Breastfed vs. Formula-Fed Growth Patterns

Breastfed and formula-fed babies don’t grow at the same pace, and this is normal. Breastfed infants typically put on weight more slowly than formula-fed infants over the first year. The difference becomes more noticeable after about three months, when formula-fed babies tend to gain weight more quickly. Interestingly, both groups grow in length at similar rates; it’s specifically weight where the patterns diverge.

These differences persist even after babies start solid foods. If your breastfed baby is on the lighter side compared to a formula-fed baby of the same age, that alone isn’t a reason for concern. The WHO growth charts were designed using data primarily from breastfed infants, so they reflect those growth patterns as the standard.

Signs Your Baby Is Getting Enough to Eat

Between weigh-ins at the pediatrician, you can track several reliable indicators at home. A baby who is eating enough will be breastfeeding 8 to 12 times per day (or taking formula at regular intervals), seeming content after feedings rather than fussy and rooting, and producing plenty of wet and dirty diapers.

By the end of the first week of life, your baby should have at least 6 wet diapers and 3 or more dirty diapers per day. That pattern holds through about 6 weeks, when stool frequency often decreases. Some breastfed babies older than 6 weeks go several days between bowel movements and are perfectly healthy, as long as they’re gaining weight steadily and the stools are soft when they do come.

If you can see and hear your baby swallowing during breastfeeding, that’s another good sign milk is transferring effectively.

What Counts as Slow Weight Gain

Pediatricians look at a few specific patterns when evaluating whether a baby’s weight is a concern. The most commonly used criteria include weight falling below the 5th percentile for age, dropping across two or more major percentile lines on the growth chart (for example, going from the 50th percentile to the 10th), or weighing less than 80% of the expected weight for the baby’s length.

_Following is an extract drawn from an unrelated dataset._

(* Assume the setting described in the context and suppose the event $\mathcal{E}$ holds. There is an absolute constant $C>0$ such that the following holds. Let $k'\ge k$ be an integer, let $\mathbf{w}\in\mathbb{R}^n$ be a unit vector with at most $k'$ nonzero entries, set $\alpha:=|\langle\mathbf{w},\mathbf{v}\rangle|$ and $\mathbf{y}:=\hat{\boldsymbol{\Gamma}}\mathbf{w}$ (so $\mathbf{y}=\theta\langle\mathbf{w},\mathbf{v}\rangle\mathbf{v}+\mathbf{W}\mathbf{w}$), and define $$ b:=C(1+\theta)\sqrt{\frac{k'\log n}{m}}. $$ Whenever $\theta\alpha>2b$, $$ \cos\angle\Big(\frac{\mathcal{H}_{k'}(\mathbf{y})}{\|\mathcal{H}_{k'}(\mathbf{y})\|_2},\mathbf{v}\Big)\ \ge\ \frac{\theta\alpha-2b}{\theta\alpha+b}\qquad\text{and}\qquad \sin\angle\Big(\frac{\mathcal{H}_{k'}(\mathbf{y})}{\|\mathcal{H}_{k'}(\mathbf{y})\|_2},\mathbf{v}\Big)\ \le\ \frac{5b}{\theta\alpha-2b}. $$
   Context: Let $n\ge 2$, $m\ge1$, $\theta>0$, $k\in[n]$; $\mathbf{v}\in\mathbb{R}^n$ a unit vector with at most $k$ nonzero entries; $\mathbf{x}_1,\dots,\mathbf{x}_m$ i.i.d. $\mathcal{N}(\mathbf{0},\mathbf{I}_n+\theta\mathbf{v}\mathbf{v}^\top)$; $\hat{\boldsymbol{\Gamma}}=\frac1m\sum_i\mathbf{x}_i\mathbf{x}_i^\top-\mathbf{I}_n$; $\mathbf{W}=\hat{\boldsymbol{\Gamma}}-\theta\mathbf{v}\mathbf{v}^\top$. $\|\cdot\|_2$ is the Euclidean/spectral norm and $\mathbf{W}_{S,S}$ a principal submatrix. $\mathcal{H}_{k'}$ keeps the $k'$ largest-magnitude entries of a vector and zeroes the rest. For unit vectors, $\cos\angle(\mathbf{a},\mathbf{b})=|\langle\mathbf{a},\mathbf{b}\rangle|$ and $\sin\angle(\mathbf{a},\mathbf{b})=\sqrt{1-\langle\mathbf{a},\mathbf{b}\rangle^2}$. Fix an absolute constant $C_0>0$; $\mathcal{E}$ is the event that $\|\mathbf{W}_{S,S}\|_2\le C_0(1+\theta)\sqrt{|S|\log n/m}$ for all nonempty $S\subseteq[n]$. Absolute constants do not depend on $n,m,k,k',\theta,\mathbf{v},\mathbf{w}$. *)

theory Defs
  imports "HOL-Analysis.Analysis"
begin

A single low reading doesn’t necessarily mean there’s a problem. Illness, a recent growth spurt in length, or even a measurement taken right after a large diaper can affect the number. Pediatricians look at the trend over multiple visits. If weight gain has stalled or reversed, they’ll typically evaluate feeding patterns, check for underlying causes, and work with you on a plan to increase caloric intake.

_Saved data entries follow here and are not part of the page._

(* Let $T=(\{T_g\}_{g\in G},\{\gamma_{g,h}\}_{g,h\in G},u)$ and $T'=(\{T'_g\}_{g\in G},\{\gamma'_{g,h}\}_{g,h\in G},u')$ be partial actions of a group $G$ on semigroupal categories $\mathcal{C}$ and $\mathcal{C}'$ respectively, and let $(F,\{\tau_g\}_{g\in G})\colon T\to T'$ be a morphism of partial actions. Then for every object $X$ of $\mathcal{C}$, $$(\tau_e)_X\circ F(u_X)=u'_{F(X)}.$$
   Context: Semigroupal categories are (strict) categories with a tensor functor and associator satisfying the pentagon axiom; an ideal is a subcategory closed under isomorphisms and under tensoring on either side by arbitrary objects. A partial action of $G$ (unit $e$) on a semigroupal category $\mathcal{C}$ is a triple $(\{T_g\},\{\gamma_{g,h}\},u)$ together with ideals $\mathcal{C}_g$ of $\mathcal{C}$ such that: (1) $(T_g,J^g)\colon\mathcal{C}_{g^{-1}}\to\mathcal{C}_g$ is a semigroupal equivalence ($J^g\colon T_g(-)\otimes T_g(-)\Rightarrow T_g(-\otimes-)$ a natural isomorphism satisfying the hexagon axiom); (2) $\mathcal{C}_e=\mathcal{C}$ and $u\colon\mathrm{Id}_{\mathcal{C}}\Rightarrow T_e$ is a natural isomorphism of semigroupal functors, i.e. $J^e_{X,Y}\circ(u_X\otimes u_Y)=u_{X\otimes Y}$; (3) the restriction of $T_g$ to $\mathcal{C}_{g^{-1}}\cap\mathcal{C}_h$ is a semigroupal equivalence onto $\mathcal{C}_g\cap\mathcal{C}_{gh}$; (4) $\gamma_{g,h}\colon T_gT_h\Rightarrow T_{gh}$ is a natural isomorphism of functors $\mathcal{C}_{h^{-1}}\cap\mathcal{C}_{h^{-1}g^{-1}}\to\mathcal{C}_g\cap\mathcal{C}_{gh}$ with $J^{gh}_{X,Y}\circ((\gamma_{g,h})_X\otimes(\gamma_{g,h})_Y)=(\gamma_{g,h})_{X\otimes Y}\circ T_g(J^h_{X,Y})\circ J^g_{T_h(X),T_h(Y)}$; and moreover $(\gamma_{gh,k})_X\circ(\gamma_{g,h})_{T_k(X)}=(\gamma_{g,hk})_X\circ T_g((\gamma_{h,k})_X)$ for $X\in\mathcal{C}_{k^{-1}}\cap\mathcal{C}_{k^{-1}h^{-1}}\cap\mathcal{C}_{k^{-1}h^{-1}g^{-1}}$, and for $X\in\mathcal{C}_{g^{-1}}$ the morphisms $u_{T_g(X)}$ and $(\gamma_{e,g})_X$ are mutually inverse, as are $T_g(u_X)$ and $(\gamma_{g,e})_X$. A morphism of partial actions $(F,\{\tau_g\})\colon T\to T'$ consists of a semigroupal functor $F\colon\mathcal{C}\to\mathcal{C}'$ and, for each $g\in G$, a natural isomorphism $\tau_g\colon FT_g\Rightarrow T'_gF$ of functors from $\mathcal{C}_{g^{-1}}$ to $\mathcal{C}'_g$, such that $(\tau_{gh})_X\circ F((\gamma_{g,h})_X)=(\gamma'_{g,h})_{F(X)}\circ T'_g((\tau_h)_X)\circ(\tau_g)_{T_h(X)}$ for all $X\in\mathcal{C}_{h^{-1}}\cap\mathcal{C}_{(gh)^{-1}}$. *)

theory Defs
  imports "HOL-Algebra.Group"
begin

text \<open>Cmp C g f is the composite g after f (defined when the codomain of f is the
domain of g). TnO / TnA are the tensor product on objects / arrows, Asc X Y Z is the
associator (X (x) Y) (x) Z -> X (x) (Y (x) Z).\<close>

record ('o,'m) scat =
  Ob  :: "'o set"
  Ar  :: "'m set"
  Dm  :: "'m \<Rightarrow> 'o"
  Cd  :: "'m \<Rightarrow> 'o"
  Idt :: "'o \<Rightarrow> 'm"
  Cmp :: "'m \<Rightarrow> 'm \<Rightarrow> 'm"
  TnO :: "'o \<Rightarrow> 'o \<Rightarrow> 'o"
  TnA :: "'m \<Rightarrow> 'm \<Rightarrow> 'm"
  Asc :: "'o \<Rightarrow> 'o \<Rightarrow> 'o \<Rightarrow> 'm"

definition homs :: "('o,'m) scat \<Rightarrow> 'o \<Rightarrow> 'o \<Rightarrow> 'm set" where
  "homs C X Y = {f \<in> Ar C. Dm C f = X \<and> Cd C f = Y}"

definition inverse_arr :: "('o,'m) scat \<Rightarrow> 'm \<Rightarrow> 'm \<Rightarrow> bool" where
  "inverse_arr C f g \<longleftrightarrow> f \<in> Ar C \<and> g \<in> Ar C \<and> Dm C g = Cd C f \<and> Cd C g = Dm C f
     \<and> Cmp C g f = Idt C (Dm C f) \<and> Cmp C f g = Idt C (Cd C f)"

definition iso_arr :: "('o,'m) scat \<Rightarrow> 'm \<Rightarrow> bool" where
  "iso_arr C f \<longleftrightarrow> (\<exists>g. inverse_arr C f g)"

definition category :: "('o,'m) scat \<Rightarrow> bool" where
  "category C \<longleftrightarrow>
     (\<forall>f\<in>Ar C. Dm C f \<in> Ob C \<and> Cd C f \<in> Ob C) \<and>
     (\<forall>X\<in>Ob C. Idt C X \<in> homs C X X) \<and>
     (\<forall>f\<in>Ar C. \<forall>g\<in>Ar C. Cd C f = Dm C g \<longrightarrow> Cmp C g f \<in> homs C (Dm C f) (Cd C g)) \<and>
     (\<forall>f\<in>Ar C. Cmp C f (Idt C (Dm C f)) = f \<and> Cmp C (Idt C (Cd C f)) f = f) \<and>
     (\<forall>f\<in>Ar C. \<forall>g\<in>Ar C. \<forall>h\<in>Ar C. Cd C f = Dm C g \<longrightarrow> Cd C g = Dm C h \<longrightarrow>
        Cmp C h (Cmp C g f) = Cmp C (Cmp C h g) f)"

definition semigroupal_cat :: "('o,'m) scat \<Rightarrow> bool" where
  "semigroupal_cat C \<longleftrightarrow> category C \<and>
     (\<forall>X\<in>Ob C. \<forall>Y\<in>Ob C. TnO C X Y \<in> Ob C) \<and>
     (\<forall>f\<in>Ar C. \<forall>g\<in>Ar C.
        TnA C f g \<in> homs C (TnO C (Dm C f) (Dm C g)) (TnO C (Cd C f) (Cd C g))) \<and>
     (\<forall>X\<in>Ob C. \<forall>Y\<in>Ob C. TnA C (Idt C X) (Idt C Y) = Idt C (TnO C X Y)) \<and>
     (\<forall>f\<in>Ar C. \<forall>g\<in>Ar C. \<forall>f'\<in>Ar C. \<forall>g'\<in>Ar C.
        Cd C f = Dm C g \<longrightarrow> Cd C f' = Dm C g' \<longrightarrow>
        TnA C (Cmp C g f) (Cmp C g' f') = Cmp C (TnA C g g') (TnA C f f')) \<and>
     (\<forall>X\<in>Ob C. \<forall>Y\<in>Ob C. \<forall>Z\<in>Ob C.
        Asc C X Y Z \<in> homs C (TnO C (TnO C X Y) Z) (TnO C X (TnO C Y Z)) \<and>
        iso_arr C (Asc C X Y Z)) \<and>
     (\<forall>f\<in>Ar C. \<forall>g\<in>Ar C. \<forall>h\<in>Ar C.
        Cmp C (Asc C (Cd C f) (Cd C g) (Cd C h)) (TnA C (TnA C f g) h) =
        Cmp C (TnA C f (TnA C g h)) (Asc C (Dm C f) (Dm C g) (Dm C h))) \<and>
     (\<forall>W\<in>Ob C. \<forall>X\<in>Ob C. \<forall>Y\<in>Ob C. \<forall>Z\<in>Ob C.
        Cmp C (Asc C W X (TnO C Y Z)) (Asc C (TnO C W X) Y Z) =
        Cmp C (TnA C (Idt C W) (Asc C X Y Z))
          (Cmp C (Asc C W (TnO C X Y) Z) (TnA C (Asc C W X Y) (Idt C Z))))"

text \<open>An ideal: a (full) subcategory, given by its set of objects, closed under
isomorphisms and under tensoring on either side by arbitrary objects.\<close>

definition sg_ideal :: "('o,'m) scat \<Rightarrow> 'o set \<Rightarrow> bool" where
  "sg_ideal C I \<longleftrightarrow> I \<subseteq> Ob C \<and>
     (\<forall>X\<in>I. \<forall>Y\<in>Ob C. TnO C X Y \<in> I \<and> TnO C Y X \<in> I) \<and>
     (\<forall>f. iso_arr C f \<longrightarrow> Dm C f \<in> I \<longrightarrow> Cd C f \<in> I)"

definition arrs_on :: "('o,'m) scat \<Rightarrow> 'o set \<Rightarrow> 'm set" where
  "arrs_on C A = {f \<in> Ar C. Dm C f \<in> A \<and> Cd C f \<in> A}"

definition functor_on ::
  "('o,'m) scat \<Rightarrow> 'o set \<Rightarrow> ('p,'n) scat \<Rightarrow> 'p set \<Rightarrow> ('o \<Rightarrow> 'p) \<Rightarrow> ('m \<Rightarrow> 'n) \<Rightarrow> bool" where
  "functor_on C A D B Fo Fm \<longleftrightarrow>
     (\<forall>X\<in>A. Fo X \<in> B) \<and>
     (\<forall>f\<in>arrs_on C A. Fm f \<in> homs D (Fo (Dm C f)) (Fo (Cd C f))) \<and>
     (\<forall>X\<in>A. Fm (Idt C X) = Idt D (Fo X)) \<and>
     (\<forall>f\<in>arrs_on C A. \<forall>g\<in>arrs_on C A. Cd C f = Dm C g \<longrightarrow>
        Fm (Cmp C g f) = Cmp D (Fm g) (Fm f))"

definition equivalence_on ::
  "('o,'m) scat \<Rightarrow> 'o set \<Rightarrow> ('p,'n) scat \<Rightarrow> 'p set \<Rightarrow> ('o \<Rightarrow> 'p) \<Rightarrow> ('m \<Rightarrow> 'n) \<Rightarrow> bool" where
  "equivalence_on C A D B Fo Fm \<longleftrightarrow> functor_on C A D B Fo Fm \<and>
     (\<forall>X\<in>A. \<forall>Y\<in>A. \<forall>h\<in>homs D (Fo X) (Fo Y). \<exists>f\<in>homs C X Y. Fm f = h) \<and>
     (\<forall>X\<in>A. \<forall>Y\<in>A. \<forall>f\<in>homs C X Y. \<forall>g\<in>homs C X Y. Fm f = Fm g \<longrightarrow> f = g) \<and>
     (\<forall>Y\<in>B. \<exists>X\<in>A. \<exists>h. h \<in> homs D (Fo X) Y \<and> iso_arr D h)"

definition semigroupal_functor_on ::
  "('o,'m) scat \<Rightarrow> 'o set \<Rightarrow> ('p,'n) scat \<Rightarrow> 'p set \<Rightarrow> ('o \<Rightarrow> 'p) \<Rightarrow> ('m \<Rightarrow> 'n)
     \<Rightarrow> ('o \<Rightarrow> 'o \<Rightarrow> 'n) \<Rightarrow> bool" where
  "semigroupal_functor_on C A D B Fo Fm J \<longleftrightarrow> functor_on C A D B Fo Fm \<and>
     (\<forall>X\<in>A. \<forall>Y\<in>A. J X Y \<in> homs D (TnO D (Fo X) (Fo Y)) (Fo (TnO C X Y)) \<and>
        iso_arr D (J X Y)) \<and>
     (\<forall>f\<in>arrs_on C A. \<forall>g\<in>arrs_on C A.
        Cmp D (J (Cd C f) (Cd C g)) (TnA D (Fm f) (Fm g)) =
        Cmp D (Fm (TnA C f g)) (J (Dm C f) (Dm C g))) \<and>
     (\<forall>X\<in>A. \<forall>Y\<in>A. \<forall>Z\<in>A.
        Cmp D (Fm (Asc C X Y Z))
          (Cmp D (J (TnO C X Y) Z) (TnA D (J X Y) (Idt D (Fo Z)))) =
        Cmp D (J X (TnO C Y Z))
          (Cmp D (TnA D (Idt D (Fo X)) (J Y Z)) (Asc D (Fo X) (Fo Y) (Fo Z))))"

definition semigroupal_equiv_on ::
  "('o,'m) scat \<Rightarrow> 'o set \<Rightarrow> ('p,'n) scat \<Rightarrow> 'p set \<Rightarrow> ('o \<Rightarrow> 'p) \<Rightarrow> ('m \<Rightarrow> 'n)
     \<Rightarrow> ('o \<Rightarrow> 'o \<Rightarrow> 'n) \<Rightarrow> bool" where
  "semigroupal_equiv_on C A D B Fo Fm J \<longleftrightarrow>
     semigroupal_functor_on C A D B Fo Fm J \<and> equivalence_on C A D B Fo Fm"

Adjustments for Premature Babies

If your baby was born before 37 weeks, their expected weight at two months of calendar age will be lower than the charts suggest. Pediatricians use “corrected age” to account for this: subtract the number of weeks your baby arrived early from their actual age. A baby born at 36 weeks (4 weeks early) who is now 2 months old would be evaluated as a 1-month-old on the growth chart.

To calculate weeks of prematurity, subtract the gestational age at birth from 40 weeks. A baby born at 32 weeks was 8 weeks early, so at 2 months of actual age, their corrected age would be essentially 0, and newborn weight ranges would apply. This adjustment is used for the first two years of life and gives a much more accurate picture of whether a preterm baby is growing on track.

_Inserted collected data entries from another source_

(* Let $\mathcal K^*$ be a reasonable ordered Fraïssé class in the language $L\cup\{<\}$ with $L$-reduct $\mathcal K$, and assume $G_{\mathcal K^*}$ is oligomorphic. If $G_{\mathcal K^*}$ is a normal subgroup of $G_\mathcal K$, then it has finite index in $G_\mathcal K$.
   Context: A Fraïssé class is a class of finite structures that is hereditary, has joint embedding and amalgamation, and contains arbitrarily large finite structures; $\mathrm{Flim}$ denotes the Fraïssé limit and $G_\mathcal K=\mathrm{Aut}(\mathrm{Flim}(\mathcal K))$. An ordered class $\mathcal K^*$ consists of structures $(A,<^A)$ with $<^A$ a linear order on an $L$-structure $A$ ($\mathcal K^*$-admissible orders); its $L$-reduct is $\{A:(A,<^A)\in\mathcal K^*\}$. $\mathcal K^*$ is reasonable if for all $A,B$ in the reduct, every embedding $a:A\to B$ and every admissible $<^A$ on $A$, there is an admissible $<^B$ on $B$ making $a$ an embedding $(A,<^A)\to(B,<^B)$. For reasonable $\mathcal K^*$ one has $\mathrm{Flim}(\mathcal K^* )=(\mathrm{Flim}(\mathcal K),<^* )$ for some linear order $<^*$, and $G_{\mathcal K^*}$ is thereby identified with the subgroup of $G_\mathcal K$ preserving $<^*$. A permutation group on $F$ is oligomorphic if for every $n$ its diagonal action on $F^n$ has finitely many orbits. *)

theory Defs
  imports "HOL-Algebra.Bij" "HOL-Algebra.Coset" "HOL-Library.Countable_Set"
begin

text \<open>A language is given by a type of relation symbols with arities ra and a
type of function symbols with arities fa (constants are 0-ary functions). Only tuples of the right length from the
universe are ever relevant.\<close>

record ('a, 'r, 'f) struc =
  s_univ :: "'a set"
  s_rel  :: "'r \<Rightarrow> 'a list \<Rightarrow> bool"
  s_fns  :: "'f \<Rightarrow> 'a list \<Rightarrow> 'a"

definition closed_in :: "('f \<Rightarrow> nat) \<Rightarrow> ('a, 'r, 'f) struc \<Rightarrow> 'a set \<Rightarrow> bool" where
  "closed_in fa M S \<longleftrightarrow>
     (\<forall>f xs. length xs = fa f \<and> set xs \<subseteq> S \<longrightarrow> s_fns M f xs \<in> S)"

definition is_struc :: "('f \<Rightarrow> nat) \<Rightarrow> ('a, 'r, 'f) struc \<Rightarrow> bool" where
  "is_struc fa A \<longleftrightarrow> closed_in fa A (s_univ A)"

definition embedding ::
  "('r \<Rightarrow> nat) \<Rightarrow> ('f \<Rightarrow> nat) \<Rightarrow> ('a, 'r, 'f) struc \<Rightarrow> ('a, 'r, 'f) struc \<Rightarrow> ('a \<Rightarrow> 'a) \<Rightarrow> bool" where
  "embedding ra fa A B h \<longleftrightarrow>
     inj_on h (s_univ A) \<and> h ` s_univ A \<subseteq> s_univ B \<and>
     (\<forall>r xs. length xs = ra r \<and> set xs \<subseteq> s_univ A \<longrightarrow>
        (s_rel B r (map h xs) \<longleftrightarrow> s_rel A r xs)) \<and>
     (\<forall>f xs. length xs = fa f \<and> set xs \<subseteq> s_univ A \<longrightarrow>
        h (s_fns A f xs) = s_fns B f (map h xs))"

definition isomorphism ::
  "('r \<Rightarrow> nat) \<Rightarrow> ('f \<Rightarrow> nat) \<Rightarrow> ('a, 'r, 'f) struc \<Rightarrow> ('a, 'r, 'f) struc \<Rightarrow> ('a \<Rightarrow> 'a) \<Rightarrow> bool" where
  "isomorphism ra fa A B h \<longleftrightarrow> embedding ra fa A B h \<and> h ` s_univ A = s_univ B"

definition Aut :: "('r \<Rightarrow> nat) \<Rightarrow> ('f \<Rightarrow> nat) \<Rightarrow> ('a, 'r, 'f) struc \<Rightarrow> ('a \<Rightarrow> 'a) set" where
  "Aut ra fa M = {g \<in> Bij (s_univ M). isomorphism ra fa M M g}"

definition AutGrp :: "('r \<Rightarrow> nat) \<Rightarrow> ('f \<Rightarrow> nat) \<Rightarrow> ('a, 'r, 'f) struc \<Rightarrow> ('a \<Rightarrow> 'a) monoid" where
  "AutGrp ra fa M = (BijGroup (s_univ M)) \<lparr>carrier := Aut ra fa M\<rparr>"

definition oligomorphic :: "'a set \<Rightarrow> ('a \<Rightarrow> 'a) set \<Rightarrow> bool" where
  "oligomorphic F G \<longleftrightarrow>
     (\<forall>n. finite ({xs. length xs = n \<and> set xs \<subseteq> F} //
                   {(xs, ys). \<exists>g\<in>G. map g xs = ys}))"

definition fraisse_class ::
  "('r \<Rightarrow> nat) \<Rightarrow> ('f \<Rightarrow> nat) \<Rightarrow> ('a, 'r, 'f) struc set \<Rightarrow> bool" where
  "fraisse_class ra fa K \<longleftrightarrow>
     \<comment> \<open>a class of finite structures\<close>
     (\<forall>A\<in>K. is_struc fa A \<and> finite (s_univ A)) \<and>
     \<comment> \<open>closed under isomorphism\<close>
     (\<forall>A B h. A \<in> K \<and> is_struc fa B \<and> isomorphism ra fa A B h \<longrightarrow> B \<in> K) \<and>
     \<comment> \<open>hereditary\<close>
     (\<forall>A B h. A \<in> K \<and> is_struc fa B \<and> finite (s_univ B) \<and> embedding ra fa B A h \<longrightarrow> B \<in> K) \<and>
     \<comment> \<open>joint embedding\<close>
     (\<forall>A\<in>K. \<forall>B\<in>K. \<exists>C\<in>K. \<exists>f g. embedding ra fa A C f \<and> embedding ra fa B C g) \<and>
     \<comment> \<open>amalgamation\<close>
     (\<forall>A\<in>K. \<forall>B\<in>K. \<forall>C\<in>K. \<forall>f g. embedding ra fa A B f \<and> embedding ra fa A C g \<longrightarrow>
        (\<exists>D\<in>K. \<exists>f' g'. embedding ra fa B D f' \<and> embedding ra fa C D g' \<and>
           (\<forall>x\<in>s_univ A. f' (f x) = g' (g x)))) \<and>
     \<comment> \<open>arbitrarily large finite structures\<close>
     (\<forall>n. \<exists>A\<in>K. n \<le> card (s_univ A))"

definition age :: "('r \<Rightarrow> nat) \<Rightarrow> ('f \<Rightarrow> nat) \<Rightarrow> ('a, 'r, 'f) struc \<Rightarrow> ('a, 'r, 'f) struc set" where
  "age ra fa M = {A. is_struc fa A \<and> finite (s_univ A) \<and> (\<exists>h. embedding ra fa A M h)}"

What Matters More Than the Number

Your baby’s exact weight at two months is less important than the trajectory. A baby who was 7 pounds at birth and is now 10.5 pounds is gaining beautifully, even though 10.5 pounds sits below the 50th percentile. A baby who was 9 pounds at birth and is still only 10 pounds may need closer attention, because the rate of gain has slowed.

At the two-month well-child visit, your pediatrician will plot your baby’s weight, length, and head circumference on the growth chart and compare them to previous measurements. Consistent tracking along any percentile curve, whether it’s the 20th or the 80th, is the hallmark of healthy growth. The goal isn’t to be average. It’s to be consistent.